Your very welcome. That dendrochilum is bicallosum. Was towards the back of the display so didn't get a close up and was not able to sample the fragrance, if any.


----------



## Erythrone (Feb 14, 2015)

Wow!!! A impressive show! Thanks for sharing!


----------



## SlipperFan (Feb 14, 2015)

Migrant13 said:


> Your very welcome. That dendrochilum is bicallosum. Was towards the back of the display so didn't get a close up and was not able to sample the fragrance, if any.
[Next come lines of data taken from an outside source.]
(* If $G$ is a Klee-graph with at least $10$ vertices that contains (at least) three triangles, then $G$ is the tricorn or a descendant of the tricorn.
   Context: For a cubic graph $G$ and $v\in V(G)$ with neighbours $x_1,x_2,x_3$, $G^v$ denotes the cubic graph obtained by replacing $v$ by a triangle: delete $v$, add new vertices $v_1,v_2,v_3$, the edges $v_1v_2,v_2v_3,v_3v_1$, and the edges $v_ix_i$ for $i=1,2,3$. A graph is a Klee-graph if it is $K_4$, or it equals $H^w$ for some Klee-graph $H$ and some $w\in V(H)$. A graph $H$ is a descendant of $G$ if $H$ can be obtained from $G$ by a (nonempty) sequence of such replacements of vertices by triangles. The tricorn is the 10-vertex graph obtained from $K_4$ by replacing three of its vertices by triangles. *)

theory Defs
  imports Main
begin

text \<open>A (finite simple) graph: a vertex set and a set of edges, each edge a 2-element
  subset of the vertex set. Vertices are natural numbers (any finite graph is
  isomorphic to one of these).\<close>

type_synonym graph = "nat set \<times> nat set set"

definition verts :: "graph \<Rightarrow> nat set" where "verts G = fst G"
definition edges :: "graph \<Rightarrow> nat set set" where "edges G = snd G"

definition wf_graph :: "graph \<Rightarrow> bool" where
  "wf_graph G \<longleftrightarrow> finite (verts G) \<and>
     (\<forall>e\<in>edges G. e \<subseteq> verts G \<and> card e = 2)"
Bicallosum is now convallariiforme:
http://www.slippertalk.com/forum/showthread.php?t=36332


----------



## Bob in Albany N.Y. (Feb 14, 2015)

Thanks for sharing all of these great photos. Did A&P have the names of the paphs on the tags or just numbers that don't mean anything to us?


----------



## abax (Feb 14, 2015)

Hey Bedford, really nice photos to have been taken at an
orchid show. Usually the light is so bad at shows that pics
are very hard to do well. Thank you so much! Apparently,
the snow didn't slow you down.


----------



## cnycharles (Feb 15, 2015)

Thanks for all the pics! I have a few pics from the NJOS show but most are green from lighting


----------



## Migrant13 (Feb 16, 2015)

Bob in Albany said:


> Thanks for sharing all of these great photos. Did A&P have the names of the paphs on the tags or just numbers that don't mean anything to us?



Just numbers for the ones I was looking at. Kinda influenced my decision not to buy any but they had some tempting ones for sure.


----------



## Migrant13 (Feb 16, 2015)

abax said:


> Hey Bedford, really nice photos to have been taken at an
> orchid show. Usually the light is so bad at shows that pics
> are very hard to do well. Thank you so much! Apparently,
> the snow didn't slow you down.



Your welcome. Amazingly, all those photos were taken with my iPhone. With regard to the snow, the show was a welcome respite. We have been pounded here in Boston. I am sure my fellow Canadian and Midwest ST's will laugh at us but this much snow in such a short period of time is very taxing on mind and body. We are going to the POE next week in SF (and visiting our daughter) so will be a welcome relief from the bitter cold and towering snowdrifts.


----------